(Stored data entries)
************

definition set_prod :: "'k::field set \<Rightarrow> 'k set \<Rightarrow> 'k set" where
  "set_prod A B = {x. \<exists>n::nat. \<exists>a b. (\<forall>i<n. a i \<in> A \<and> b i \<in> B) \<and> x = (\<Sum>i<n. a i * b i)}"

definition ideal_of :: "'k::field set \<Rightarrow> 'k set \<Rightarrow> bool" where
  "ideal_of R I \<longleftrightarrow> I \<subseteq> R \<and> 0 \<in> I \<and> (\<forall>a\<in>I. \<forall>b\<in>I. a + b \<in> I) \<and> (\<forall>r\<in>R. \<forall>a\<in>I. r * a \<in> I)"

definition nonzero_ideal :: "'k::field set \<Rightarrow> 'k set \<Rightarrow> bool" where
  "nonzero_ideal R I \<longleftrightarrow> ideal_of R I \<and> I \<noteq> {0}"

definition prime_ideal_of :: "'k::field set \<Rightarrow> 'k set \<Rightarrow> bool" where
  "prime_ideal_of R P \<longleftrightarrow> ideal_of R P \<and> P \<noteq> R \<and> (\<forall>a\<in>R. \<forall>b\<in>R. a * b \<in> P \<longrightarrow> a \<in> P \<or> b \<in> P)"

definition maximal_ideal_of :: "'k::field set \<Rightarrow> 'k set \<Rightarrow> bool" where
  "maximal_ideal_of R M \<longleftrightarrow> ideal_of R M \<and> M \<noteq> R \<and>
     (\<forall>J. ideal_of R J \<and> M \<subseteq> J \<longrightarrow> J = M \<or> J = R)"

definition fin_gen_ideal :: "'k::field set \<Rightarrow> 'k set \<Rightarrow> bool" where
  "fin_gen_ideal R I \<longleftrightarrow> (\<exists>F. finite F \<and> F \<subseteq> R \<and> I = set_prod R F)"

definition colon :: "'k::field set \<Rightarrow> 'k set \<Rightarrow> 'k set" where
  "colon A B = {x. \<forall>b\<in>B. x * b \<in> A}"

definition endo :: "'k::field set \<Rightarrow> 'k set" where
  "endo I = colon I I"

definition invertible_in :: "'k::field set \<Rightarrow> 'k set \<Rightarrow> bool" where
  "invertible_in S I \<longleftrightarrow> set_prod I (colon S I) = S"

definition localization :: "'k::field set \<Rightarrow> 'k set \<Rightarrow> 'k set" where
  "localization R M = {a / s | a s. a \<in> R \<and> s \<in> R - M}"

definition ext_ideal :: "'k::field set \<Rightarrow> 'k set \<Rightarrow> 'k set \<Rightarrow> 'k set" where
  "ext_ideal R M I = set_prod I (localization R M)"

definition locally_principal :: "'k::field set \<Rightarrow> 'k set \<Rightarrow> bool" where
  "locally_principal R I \<longleftrightarrow> (\<forall>M. maximal_ideal_of R M \<longrightarrow>
     (\<exists>a. ext_ideal R M I = (\<lambda>y. a * y) ` localization R M))"

definition LPI_domain :: "'k::field set \<Rightarrow> bool" where
  "LPI_domain R \<longleftrightarrow> (\<forall>I. nonzero_ideal R I \<and> locally_principal R I \<longrightarrow> invertible_in R I)"

definition stable_ideal :: "'k::field set \<Rightarrow> bool" where
  "stable_ideal I \<longleftrightarrow> invertible_in (endo I) I"

definition finitely_stable :: "'k::field set \<Rightarrow> bool" where
  "finitely_stable R \<longleftrightarrow> (\<forall>I. nonzero_ideal R I \<and> fin_gen_ideal R I \<longrightarrow> stable_ideal I)"

definition finite_character :: "'k::field set \<Rightarrow> bool" where
  "finite_character R \<longleftrightarrow> (\<forall>x\<in>R. x \<noteq> 0 \<longrightarrow> finite {M. maximal_ideal_of R M \<and> x \<in> M})"

end

theory Submission
  imports Defs
begin

text \<open>
  Fix a nonzero x and a maximal ideal M containing it. The contraction A = x R_M \<inter> R is
  locally principal: it is generated by x at M, and at any other maximal ideal N it is the
  unit ideal, because a prime ideal lying in M \<inter> N and containing x would contradict the
  uniqueness hypothesis. Hence A is invertible, and 1 \<in> A (R : A) yields y \<in> (R : A) with
  xy \<notin> M, while xy lies in every other maximal ideal containing x. Such separating
  elements force finite character: the elements of R lying outside only finitely many
  maximal ideals containing x form an ideal containing x; if it were proper, a maximal
  ideal M above it would contain x and hence the element separating M, which is absurd.
\<close>

lemma ideal_subset: "ideal_of R I \<Longrightarrow> a \<in> I \<Longrightarrow> a \<in> R"
  by (auto simp: ideal_of_def)

lemma ideal_zero: "ideal_of R I \<Longrightarrow> 0 \<in> I"
  by (auto simp: ideal_of_def)

lemma ideal_add: "ideal_of R I \<Longrightarrow> a \<in> I \<Longrightarrow> b \<in> I \<Longrightarrow> a + b \<in> I"
  by (auto simp: ideal_of_def)

lemma ideal_mult_left: "ideal_of R I \<Longrightarrow> r \<in> R \<Longrightarrow> a \<in> I \<Longrightarrow> r * a \<in> I"
  by (auto simp: ideal_of_def)

lemma ideal_mult_right: "ideal_of R I \<Longrightarrow> r \<in> R \<Longrightarrow> a \<in> I \<Longrightarrow> a * r \<in> I"
  by (metis ideal_mult_left mult.commute)

lemma prime_ideal_ideal: "prime_ideal_of R P \<Longrightarrow> ideal_of R P"
  by (simp add: prime_ideal_of_def)

lemma prime_ideal_mult_notin:
  "prime_ideal_of R P \<Longrightarrow> a \<in> R \<Longrightarrow> b \<in> R \<Longrightarrow> a \<notin> P \<Longrightarrow> b \<notin> P \<Longrightarrow> a * b \<notin> P"
  unfolding prime_ideal_of_def by blast

lemma maximal_ideal_ideal: "maximal_ideal_of R M \<Longrightarrow> ideal_of R M"
  by (simp add: maximal_ideal_of_def)

lemma set_prod_mem: "a \<in> A \<Longrightarrow> b \<in> B \<Longrightarrow> a * b \<in> set_prod A B"
  unfolding set_prod_def by (intro CollectI exI[of _ 1]) auto

lemma set_prod_subset:
  assumes "\<And>a b. a \<in> A \<Longrightarrow> b \<in> B \<Longrightarrow> a * b \<in> C" and "0 \<in> C"
    and "\<And>u v. u \<in> C \<Longrightarrow> v \<in> C \<Longrightarrow> u + v \<in> C"
  shows "set_prod A B \<subseteq> C"
proof
  fix z assume "z \<in> set_prod A B"
  then obtain n :: nat and a b where "\<forall>i<n. a i \<in> A \<and> b i \<in> B" "z = (\<Sum>i<n. a i * b i)"
    unfolding set_prod_def by blast
  moreover have "(\<Sum>i<m. a i * b i) \<in> C" if "\<forall>i<m. a i \<in> A \<and> b i \<in> B" for m
    using that by (induction m) (simp_all add: assms(1-3))
  ultimately show "z \<in> C"
    by simp
qed

definition ideal_adjoin :: "'k::field set \<Rightarrow> 'k set \<Rightarrow> 'k \<Rightarrow> 'k set" where
  "ideal_adjoin R P a = {p + r * a | p r. p \<in> P \<and> r \<in> R}"

lemma ideal_adjoinE:
  assumes "x \<in> ideal_adjoin R P a"
  obtains p r where "x = p + r * a" "p \<in> P" "r \<in> R"
  using assms unfolding ideal_adjoin_def by blast

locale subdomain =
  fixes R :: "'k::field set"
  assumes R: "subring R"
begin

lemma subring_zero: "0 \<in> R"
  using R by (simp add: subring_def)

lemma subring_one: "1 \<in> R"
  using R by (simp add: subring_def)

lemma subring_add: "a \<in> R \<Longrightarrow> b \<in> R \<Longrightarrow> a + b \<in> R"
  using R by (simp add: subring_def)

lemma subring_mult: "a \<in> R \<Longrightarrow> b \<in> R \<Longrightarrow> a * b \<in> R"
  using R by (simp add: subring_def)

lemma ideal_eq_if_one_mem:
  assumes I: "ideal_of R I" and "1 \<in> I"
  shows "I = R"
proof
  show "I \<subseteq> R"
    using I ideal_subset by blast
  show "R \<subseteq> I"
  proof
    fix r assume "r \<in> R"
    then have "r * 1 \<in> I"
      using ideal_mult_left[OF I _ \<open>1 \<in> I\<close>] by simp
    then show "r \<in> I" by simp
  qed
qed

lemma one_notin_prime_ideal: "prime_ideal_of R P \<Longrightarrow> 1 \<notin> P"
  using ideal_eq_if_one_mem unfolding prime_ideal_of_def by blast

lemma one_notin_maximal_ideal: "maximal_ideal_of R M \<Longrightarrow> 1 \<notin> M"
  using ideal_eq_if_one_mem unfolding maximal_ideal_of_def by blast
lemma factor_cmp_factor:
  assumes w: "w \<in> L" and pqt: "p \<le> q" "q \<le> t" and t: "t \<le> d w"
  shows "s (factor w p q) = r (factor w q t) \<and> cmp (factor w p q) (factor w q t) = factor w p t"
proof -
  obtain mu N rho where D: "mu \<in> L" "N \<in> L" "rho \<in> L" "s mu = r N" "s N = r rho"
      "w = cmp (cmp mu N) rho" "d mu = p" "d N = t - p"
    using factor_exists[OF w order_trans[OF pqt] t] by blast
  obtain a b where ab: "a \<in> L" "b \<in> L" "s a = r b" "N = cmp a b" "d a = q - p" "d b = t - q"
    using factorization_exists[OF D(2), of "q - p" "t - q"] D(8) diff_add_diff_fun[OF pqt] by metis
  have ra: "r a = r N" "s b = s N"
    using ab r_cmp s_cmp by metis+
  have ma: "cmp mu a \<in> L" "s (cmp mu a) = r b" "d (cmp mu a) = q"
    using D(1,4,7) ab ra(1) add_diff_inverse_fun[OF pqt(1)]
    by (simp_all add: cmp_in_Mor s_cmp d_cmp)
  have w2: "w = cmp (cmp (cmp mu a) b) rho"
    using D ab ra by (simp add: cmp_assoc)
  have w1: "w = cmp (cmp mu a) (cmp b rho)"
    using w2 cmp_assoc[OF ma(1) ab(2) D(3) ma(2)] ra(2) D(5) by simp
  have sb: "s b = r rho"
    using ra(2) D(5) by simp
  have "factor w p q = a"
    by (rule factor_eqI[OF D(1) ab(1) cmp_in_Mor[OF ab(2) D(3) sb] _ _ w1 D(7) ab(5)])
      (use D(4) ra(1) ab(3) r_cmp[OF ab(2) D(3) sb] in simp_all)
  moreover have "factor w q t = b"
    by (rule factor_eqI[OF ma(1) ab(2) D(3) ma(2) sb w2 ma(3) ab(6)])
  moreover have "factor w p t = N"
    by (rule factor_eqI[OF D])
  ultimately show ?thesis
    using ab(3,4) by simp
qed

lemma factor_full: "w \<in> L \<Longrightarrow> factor w 0 (d w) = w"
  by (rule factor_eqI[of "idm (r w)" w "idm (s w)"])
    (simp_all add: idm_in_Mor r_in_Ob s_in_Ob r_idm s_idm cmp_idm_left cmp_idm_right d_idm)

lemma factor_end: "w \<in> L \<Longrightarrow> factor w (d w) (d w) = idm (s w)"
  by (rule factor_eqI[of w "idm (s w)" "idm (s w)"])
    (simp_all add: idm_in_Mor r_in_Ob s_in_Ob r_idm s_idm cmp_idm_left cmp_idm_right d_idm)

lemma r_factor:
  assumes w: "w \<in> L" and pq: "p \<le> q" "q \<le> d w"
  shows "r (factor w p q) = r (factor w p p)"
proof -
  note c = factor_cmp_factor[OF w order_refl pq]
  have "r (cmp (factor w p p) (factor w p q)) = r (factor w p p)"
    using order_trans[OF pq] by (intro r_cmp factor_in_L[OF w] conjunct1[OF c] pq order_refl)
  with c show ?thesis
    by simp
qed

lemma s_factor: "w \<in> L \<Longrightarrow> p \<le> q \<Longrightarrow> q \<le> d w \<Longrightarrow> s (factor w p q) = r (factor w q q)"
  using factor_cmp_factor[of w p q q] by simp

lemma factor_diag: "w \<in> L \<Longrightarrow> p \<le> d w \<Longrightarrow> factor w p p = idm (r (factor w p p))"
  by (simp add: degree_zero_eq_idm factor_in_L d_factor)

lemma factor_cmp_left:
  assumes uv: "u \<in> L" "v \<in> L" "s u = r v" and pq: "p \<le> q" "q \<le> d u"
  shows "factor (cmp u v) p q = factor u p q"
proof -
  obtain mu nu rho where D: "mu \<in> L" "nu \<in> L" "rho \<in> L" "s mu = r nu" "s nu = r rho"
      "u = cmp (cmp mu nu) rho" "d mu = p" "d nu = q - p"
    using factor_exists[OF uv(1) pq] by blast
  have mn: "cmp mu nu \<in> L" "s (cmp mu nu) = r rho"
    using cmp_in_Mor[OF D(1,2,4)] s_cmp[OF D(1,2,4)] D(5) by simp_all
  have sr: "s rho = r v"
    using D(6) s_cmp[OF mn(1) D(3) mn(2)] uv(3) by simp
  have "cmp u v = cmp (cmp mu nu) (cmp rho v)"
    using D(6) cmp_assoc[OF mn(1) D(3) uv(2) mn(2) sr] by simp
  then have "factor (cmp u v) p q = nu"
    using D(4,5,7,8) r_cmp[OF D(3) uv(2) sr]
    by (intro factor_eqI[OF D(1,2) cmp_in_Mor[OF D(3) uv(2) sr]]) simp_all
  then show ?thesis
    using factor_eqI[OF D] by simp
qed

lemma factor_cmp_right:
  assumes uv: "u \<in> L" "v \<in> L" "s u = r v" and pq: "d u \<le> p" "p \<le> q" "q \<le> d u + d v"
  shows "factor (cmp u v) p q = factor v (p - d u) (q - d u)"
proof -
  have pq': "p - d u \<le> q - d u"
    using pq(2) by (auto simp: le_fun_def intro!: diff_le_mono)
  have pq'': "q - d u \<le> d v"
    using pq(3) by (auto simp: le_fun_def le_diff_conv add.commute)
  obtain mu nu rho where D: "mu \<in> L" "nu \<in> L" "rho \<in> L" "s mu = r nu" "s nu = r rho"
      "v = cmp (cmp mu nu) rho" "d mu = p - d u" "d nu = (q - d u) - (p - d u)"
    using factor_exists[OF uv(2) pq' pq''] by blast
  have mn: "cmp mu nu \<in> L" "s (cmp mu nu) = r rho" "r (cmp mu nu) = r mu"
    using cmp_in_Mor[OF D(1,2,4)] s_cmp[OF D(1,2,4)] r_cmp[OF D(1,2,4)] D(5) by simp_all
  have su: "s u = r mu"
    using D(6) r_cmp[OF mn(1) D(3) mn(2)] mn(3) uv(3) by simp
  have "cmp u v = cmp (cmp u (cmp mu nu)) rho"
    using D(6) cmp_assoc[OF uv(1) mn(1) D(3)] mn su by simp
  also have "cmp u (cmp mu nu) = cmp (cmp u mu) nu"
    using cmp_assoc[OF uv(1) D(1,2) su D(4)] by simp
  finally have w: "cmp u v = cmp (cmp (cmp u mu) nu) rho" .
  have "d (cmp u mu) = p"
    using d_cmp[OF uv(1) D(1) su] D(7) add_diff_inverse_fun[OF pq(1)] by simp
  moreover have "d nu = q - p"
    using D(8) pq(1,2) by (simp add: le_fun_def fun_eq_iff)
  ultimately have "factor (cmp u v) p q = nu"
    using D(4) s_cmp[OF uv(1) D(1) su]
    by (intro factor_eqI[OF cmp_in_Mor[OF uv(1) D(1) su] D(2,3) _ D(5) w]) simp_all
  then show ?thesis
    using factor_eqI[OF D] by simp
qed

lemma factor_cmp_across:
  assumes uv: "u \<in> L" "v \<in> L" "s u = r v" and ab: "a \<le> d u" "d u \<le> b" "b \<le> d u + d v"
  shows "factor (cmp u v) a b = cmp (factor u a (d u)) (factor v 0 (b - d u))"
proof -
  have "factor (cmp u v) a b = cmp (factor (cmp u v) a (d u)) (factor (cmp u v) (d u) b)"
    using factor_cmp_factor[of "cmp u v" a "d u" b] uv ab by (simp add: cmp_in_Mor d_cmp)
  then show ?thesis
    using factor_cmp_left[OF uv ab(1) order_refl] factor_cmp_right[OF uv order_refl ab(2,3)] by simp
qed

end

subsection \<open>Shifting and prepending boundary paths\<close>

lemma enat_le_diff_iff: "enat p \<le> D \<Longrightarrow> enat b \<le> D - enat p \<longleftrightarrow> enat (b + p) \<le> D"
  by (cases D) auto

lemma enat_le_plus_iff: "enat b \<le> enat e + D \<longleftrightarrow> enat (b - e) \<le> D"
  by (cases D) auto

lemma enat_add_eq_of_eq_diff: "enat p \<le> D \<Longrightarrow> enat q = D - enat p \<Longrightarrow> enat (q + p) = D"
  by (cases D) auto

lemma enat_diff_le_diff: "enat n \<le> D \<Longrightarrow> enat (n - p) \<le> D - enat p"
  by (cases D) auto

lemma leq_en_trans: "p \<le> q \<Longrightarrow> leq_en q D \<Longrightarrow> leq_en p D"
  unfolding leq_en_def le_fun_def by (meson enat_ord_simps(1) order_trans)

lemma leq_en_zero: "leq_en 0 D"
  unfolding leq_en_def by (simp add: zero_enat_def[symmetric])

lemma leq_en_shift_iff: "leq_en p D \<Longrightarrow> leq_en b (\<lambda>i. D i - enat (p i)) \<longleftrightarrow> leq_en (b + p) D"
  unfolding leq_en_def by (simp add: enat_le_diff_iff)

lemma leq_en_plus_iff: "leq_en b (\<lambda>i. enat (e i) + D i) \<longleftrightarrow> leq_en (b - e) D"
  unfolding leq_en_def by (simp add: enat_le_plus_iff)

lemma in_Omega_diag: "leq_en p D \<Longrightarrow> in_Omega D p p"
  by (simp add: in_Omega_def)

lemma in_Omega_shift_iff:
  "leq_en p D \<Longrightarrow> in_Omega (\<lambda>i. D i - enat (p i)) a b \<longleftrightarrow> in_Omega D (a + p) (b + p)"
  unfolding in_Omega_def by (simp add: leq_en_shift_iff le_fun_def)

************

Return each line among the entries that holds the word "colon".

definition colon :: "'k::field set \<Rightarrow> 'k set \<Rightarrow> 'k set" where
  "colon A B = {x. \<forall>b\<in>B. x * b \<in> A}"
  "endo I = colon I I"
  "invertible_in S I \<longleftrightarrow> set_prod I (colon S I) = S"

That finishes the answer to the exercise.